• **Task material**:

(* Let $\gamma$ be a translation-invariant (nonnull) specification, $\nu\in\mathcal G_{\mathrm{inv}}(\gamma)$ and $\mu,\lambda\in\mathcal M^+_{1,\mathrm{inv}}$, and assume Condition C1': $(\lambda\otimes\mu)\big(\{(\xi,\sigma):\sigma^\xi\in\Omega_\gamma\}\big)=1$. Then: (1) $h(\mu|\nu)$ exists if and only if $e^\lambda_\nu$ exists, and in that case $$h(\mu|\nu)=-h(\mu)+e^\lambda_\nu-\int_{\Omega\times\Omega}\log\frac{\gamma_0(\sigma^\xi|\sigma^\xi)}{\gamma_0(\xi|\sigma^\xi)}\,\mu(d\sigma)\,\lambda(d\xi).$$ (2) If moreover $\mu\in\mathcal G_{\mathrm{inv}}(\gamma)$ and $e^\lambda_\nu$ exists, then $$h(\mu|\nu)=\lim_{n\to\infty}\frac1{|\Lambda_n|}\int_\Omega\log\frac{d\mu_{\Lambda_n}}{d\nu_{\Lambda_n}}(\xi_{\Lambda_n})\,\lambda(d\xi).$$
   Context: Let $E$ be a finite set, $\Omega=E^{\mathbb Z^d}$ with product topology and Borel $\sigma$-field $\mathcal F$; $\mathcal F_\Lambda$ is generated by the coordinates in $\Lambda$; $\mathcal S$ = finite subsets of $\mathbb Z^d$; $\mu(\sigma_\Lambda)=\mu(\{\omega:\omega_\Lambda=\sigma_\Lambda\})$ and $\mu_\Lambda$ is the law of $\omega_\Lambda$ under $\mu$; local functions are $\mathcal F_\Delta$-measurable for some finite $\Delta$. Translations $(\tau_x\omega)(y)=\omega(x+y)$; $\mathcal M^+_{1,\mathrm{inv}}$ = translation-invariant probability measures. A specification $\gamma=(\gamma_\Lambda)_{\Lambda\in\mathcal S}$ is a family of probability kernels, $\mathcal F_{\Lambda^c}$-measurable in the boundary condition, proper, consistent ($\int\gamma_\Lambda(A|\omega')\gamma_{\Lambda'}(d\omega'|\omega)=\gamma_{\Lambda'}(A|\omega)$ for $\Lambda\subset\Lambda'$ and all $\omega$) and nonnull ($0<a_\Lambda<\inf_{\sigma,\eta}\gamma_\Lambda(\sigma_\Lambda|\eta)\le\sup_{\sigma,\eta}\gamma_\Lambda(\sigma_\Lambda|\eta)<b_\Lambda<1$); translation-invariant means $\gamma_{\Lambda+x}(A|\omega)=\gamma_\Lambda(\tau_xA|\tau_x\omega)$. $\mathcal G(\gamma)$: probability measures $\mu$ with $\mu(A|\mathcal F_{\Lambda^c})=\gamma_\Lambda(A|\cdot)$ $\mu$-a.s. for all $\Lambda,A$; $\mathcal G_{\mathrm{inv}}(\gamma)=\mathcal G(\gamma)\cap\mathcal M^+_{1,\mathrm{inv}}$. $\Omega_\gamma$ is the set of $\omega$ at which $\omega'\mapsto\int f\,d\gamma_\Lambda(\cdot|\omega')$ is continuous for all $\Lambda\in\mathcal S$ and local $f$. For $\sigma,\xi\in\Omega$ and the lexicographic order $\le$ on $\mathbb Z^d$, define $\sigma^\xi(x)=\sigma(x)$ if $x\le0$ and $\sigma^\xi(x)=\xi(x)$ if $x>0$. $\gamma_0(\zeta|\omega)$ denotes $\gamma_{\{0\}}(\{\omega':\omega'(0)=\zeta(0)\}|\omega)$. $\Lambda_n=[-n,n]^d\cap\mathbb Z^d$. $e^\lambda_\nu=-\lim_{n\to\infty}|\Lambda_n|^{-1}\int_\Omega\log\nu(\xi_{\Lambda_n})\,\lambda(d\xi)$ whenever the limit exists. $h_\Lambda(\mu|\nu)=\sum_{\sigma_\Lambda}\mu(\sigma_\Lambda)\log\frac{\mu(\sigma_\Lambda)}{\nu(\sigma_\Lambda)}$, $h(\mu|\nu)=\lim_n|\Lambda_n|^{-1}h_{\Lambda_n}(\mu|\nu)$ when it exists, and $h(\mu)=-\lim_n|\Lambda_n|^{-1}\sum_{\sigma_{\Lambda_n}}\mu(\sigma_{\Lambda_n})\log\mu(\sigma_{\Lambda_n})$ is the Kolmogorov–Sinai entropy. *)

theory Defs
  imports "HOL-Probability.Probability"
begin

text \<open>Sites are vectors in int^'d (the finite type 'd plays the role of the
coordinate index set {1..d}); the single-site space is a finite type 'e.
Configurations are functions int^'d => 'e.\<close>

definition Omega :: "(int^'d \<Rightarrow> 'e) measure" where
  "Omega = PiM UNIV (\<lambda>_. count_space UNIV)"

definition Fsig :: "(int^'d) set \<Rightarrow> (int^'d \<Rightarrow> 'e) measure" where
  "Fsig S = vimage_algebra UNIV (\<lambda>\<omega>. restrict \<omega> S) (PiM S (\<lambda>_. count_space UNIV))"

definition prod_top :: "(int^'d \<Rightarrow> 'e) topology" where
  "prod_top = product_topology (\<lambda>_. discrete_topology UNIV) UNIV"

definition cyl :: "(int^'d) set \<Rightarrow> (int^'d \<Rightarrow> 'e) \<Rightarrow> (int^'d \<Rightarrow> 'e) set" where
  "cyl \<Lambda> s = {\<omega>. \<forall>x\<in>\<Lambda>. \<omega> x = s x}"

definition configs :: "(int^'d) set \<Rightarrow> (int^'d \<Rightarrow> 'e) set" where
  "configs \<Lambda> = PiE \<Lambda> (\<lambda>_. UNIV)"

definition shift :: "int^'d \<Rightarrow> (int^'d \<Rightarrow> 'e) \<Rightarrow> (int^'d \<Rightarrow> 'e)" where
  "shift x \<omega> = (\<lambda>y. \<omega> (x + y))"

definition prob_on_Omega :: "(int^'d \<Rightarrow> 'e) measure \<Rightarrow> bool" where
  "prob_on_Omega \<mu> \<longleftrightarrow> prob_space \<mu> \<and> sets \<mu> = sets Omega"

definition inv_measure :: "(int^'d \<Rightarrow> 'e) measure \<Rightarrow> bool" where
  "inv_measure \<mu> \<longleftrightarrow> prob_on_Omega \<mu> \<and> (\<forall>x. distr \<mu> Omega (shift x) = \<mu>)"

definition is_specification ::
  "((int^'d) set \<Rightarrow> (int^'d \<Rightarrow> 'e) \<Rightarrow> (int^'d \<Rightarrow> 'e) measure) \<Rightarrow> bool" where
  "is_specification \<gamma> \<longleftrightarrow>
    (\<forall>\<Lambda> \<omega>. finite \<Lambda> \<and> \<Lambda> \<noteq> {} \<longrightarrow> prob_on_Omega (\<gamma> \<Lambda> \<omega>)) \<and>
    (\<forall>\<Lambda> A. finite \<Lambda> \<and> \<Lambda> \<noteq> {} \<and> A \<in> sets Omega \<longrightarrow>
        (\<lambda>\<omega>. measure (\<gamma> \<Lambda> \<omega>) A) \<in> borel_measurable (Fsig (- \<Lambda>))) \<and>
    (\<forall>\<Lambda> B \<omega>. finite \<Lambda> \<and> \<Lambda> \<noteq> {} \<and> B \<in> sets (Fsig (- \<Lambda>)) \<longrightarrow>
        measure (\<gamma> \<Lambda> \<omega>) B = indicator B \<omega>) \<and>
    (\<forall>\<Lambda> \<Lambda>' A \<omega>. finite \<Lambda>' \<and> \<Lambda> \<noteq> {} \<and> \<Lambda> \<subseteq> \<Lambda>' \<and> A \<in> sets Omega \<longrightarrow>
        (\<integral>\<omega>'. measure (\<gamma> \<Lambda> \<omega>') A \<partial>(\<gamma> \<Lambda>' \<omega>)) = measure (\<gamma> \<Lambda>' \<omega>) A)"

definition nonnull_spec ::
  "((int^'d) set \<Rightarrow> (int^'d \<Rightarrow> 'e) \<Rightarrow> (int^'d \<Rightarrow> 'e) measure) \<Rightarrow> bool" where
  "nonnull_spec \<gamma> \<longleftrightarrow>
    (\<forall>\<Lambda>. finite \<Lambda> \<and> \<Lambda> \<noteq> {} \<longrightarrow>
      (\<exists>a b. 0 < a \<and> b < 1 \<and>
        a < (INF p. measure (\<gamma> \<Lambda> (snd p)) (cyl \<Lambda> (fst p))) \<and>
        (SUP p. measure (\<gamma> \<Lambda> (snd p)) (cyl \<Lambda> (fst p))) < b))"

definition trans_inv_spec ::
  "((int^'d) set \<Rightarrow> (int^'d \<Rightarrow> 'e) \<Rightarrow> (int^'d \<Rightarrow> 'e) measure) \<Rightarrow> bool" where
  "trans_inv_spec \<gamma> \<longleftrightarrow>
    (\<forall>\<Lambda> x A \<omega>. finite \<Lambda> \<and> \<Lambda> \<noteq> {} \<and> A \<in> sets Omega \<longrightarrow>
      measure (\<gamma> ((\<lambda>y. y + x) ` \<Lambda>) \<omega>) A = measure (\<gamma> \<Lambda> (shift x \<omega>)) (shift x ` A))"

definition gibbs ::
  "((int^'d) set \<Rightarrow> (int^'d \<Rightarrow> 'e) \<Rightarrow> (int^'d \<Rightarrow> 'e) measure) \<Rightarrow> (int^'d \<Rightarrow> 'e) measure \<Rightarrow> bool" where
  "gibbs \<gamma> \<mu> \<longleftrightarrow> prob_on_Omega \<mu> \<and>
    (\<forall>\<Lambda> A. finite \<Lambda> \<and> \<Lambda> \<noteq> {} \<and> A \<in> sets Omega \<longrightarrow>
      (AE \<omega> in \<mu>. real_cond_exp \<mu> (Fsig (- \<Lambda>)) (indicator A) \<omega> = measure (\<gamma> \<Lambda> \<omega>) A))"

definition local_fun :: "((int^'d \<Rightarrow> 'e) \<Rightarrow> real) \<Rightarrow> bool" where
  "local_fun f \<longleftrightarrow> (\<exists>\<Delta>. finite \<Delta> \<and> f \<in> borel_measurable (Fsig \<Delta>))"

definition Omega_gamma ::
  "((int^'d) set \<Rightarrow> (int^'d \<Rightarrow> 'e) \<Rightarrow> (int^'d \<Rightarrow> 'e) measure) \<Rightarrow> (int^'d \<Rightarrow> 'e) set" where
  "Omega_gamma \<gamma> = {\<omega>. \<forall>\<Lambda> f. finite \<Lambda> \<and> \<Lambda> \<noteq> {} \<and> local_fun f \<longrightarrow>
      limitin euclideanreal (\<lambda>\<omega>'. \<integral>z. f z \<partial>(\<gamma> \<Lambda> \<omega>')) (\<integral>z. f z \<partial>(\<gamma> \<Lambda> \<omega>)) (atin prod_top \<omega>)}"

definition lex_le :: "int^('d::{finite,linorder}) \<Rightarrow> int^('d::{finite,linorder}) \<Rightarrow> bool" where
  "lex_le x y \<longleftrightarrow> x = y \<or> (\<exists>i. x$i < y$i \<and> (\<forall>j<i. x$j = y$j))"

definition glue :: "(int^('d::{finite,linorder}) \<Rightarrow> 'e) \<Rightarrow> (int^('d::{finite,linorder}) \<Rightarrow> 'e) \<Rightarrow> (int^('d::{finite,linorder}) \<Rightarrow> 'e)" where
  "glue \<sigma> \<xi> = (\<lambda>x. if lex_le x 0 then \<sigma> x else \<xi> x)"

definition gamma0 ::
  "((int^'d) set \<Rightarrow> (int^'d \<Rightarrow> 'e) \<Rightarrow> (int^'d \<Rightarrow> 'e) measure) \<Rightarrow> (int^'d \<Rightarrow> 'e) \<Rightarrow> (int^'d \<Rightarrow> 'e) \<Rightarrow> real" where
  "gamma0 \<gamma> \<zeta> \<omega> = measure (\<gamma> {0} \<omega>) {\<omega>'. \<omega>' 0 = \<zeta> 0}"

definition Lam :: "nat \<Rightarrow> (int^'d) set" where
  "Lam n = {x. \<forall>i. - int n \<le> x$i \<and> x$i \<le> int n}"

definition hLam :: "(int^'d) set \<Rightarrow> (int^'d \<Rightarrow> 'e) measure \<Rightarrow> (int^'d \<Rightarrow> 'e) measure \<Rightarrow> real" where
  "hLam \<Lambda> \<mu> \<nu> = (\<Sum>s\<in>configs \<Lambda>.
      measure \<mu> (cyl \<Lambda> s) * ln (measure \<mu> (cyl \<Lambda> s) / measure \<nu> (cyl \<Lambda> s)))"

definition rel_entropy_seq :: "(int^'d \<Rightarrow> 'e) measure \<Rightarrow> (int^'d \<Rightarrow> 'e) measure \<Rightarrow> nat \<Rightarrow> real" where
  "rel_entropy_seq \<mu> \<nu> n = hLam (Lam n) \<mu> \<nu> / real (card (Lam n :: (int^'d) set))"

text \<open>h(mu|nu) (meaningful when the sequence converges)\<close>
definition rel_entropy :: "(int^'d \<Rightarrow> 'e) measure \<Rightarrow> (int^'d \<Rightarrow> 'e) measure \<Rightarrow> real" where
  "rel_entropy \<mu> \<nu> = lim (rel_entropy_seq \<mu> \<nu>)"

definition energy_seq :: "(int^'d \<Rightarrow> 'e) measure \<Rightarrow> (int^'d \<Rightarrow> 'e) measure \<Rightarrow> nat \<Rightarrow> real" where
  "energy_seq lam \<nu> n = - ((\<integral>\<xi>. ln (measure \<nu> (cyl (Lam n) \<xi>)) \<partial>lam) / real (card (Lam n :: (int^'d) set)))"

text \<open>e^lambda_nu (meaningful when the sequence converges)\<close>
definition energy :: "(int^'d \<Rightarrow> 'e) measure \<Rightarrow> (int^'d \<Rightarrow> 'e) measure \<Rightarrow> real" where
  "energy lam \<nu> = lim (energy_seq lam \<nu>)"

• **What to work on**:
For the word "shift", say how many lines of the listing include it; give nothing but the number.

• **Answer to this task**:
4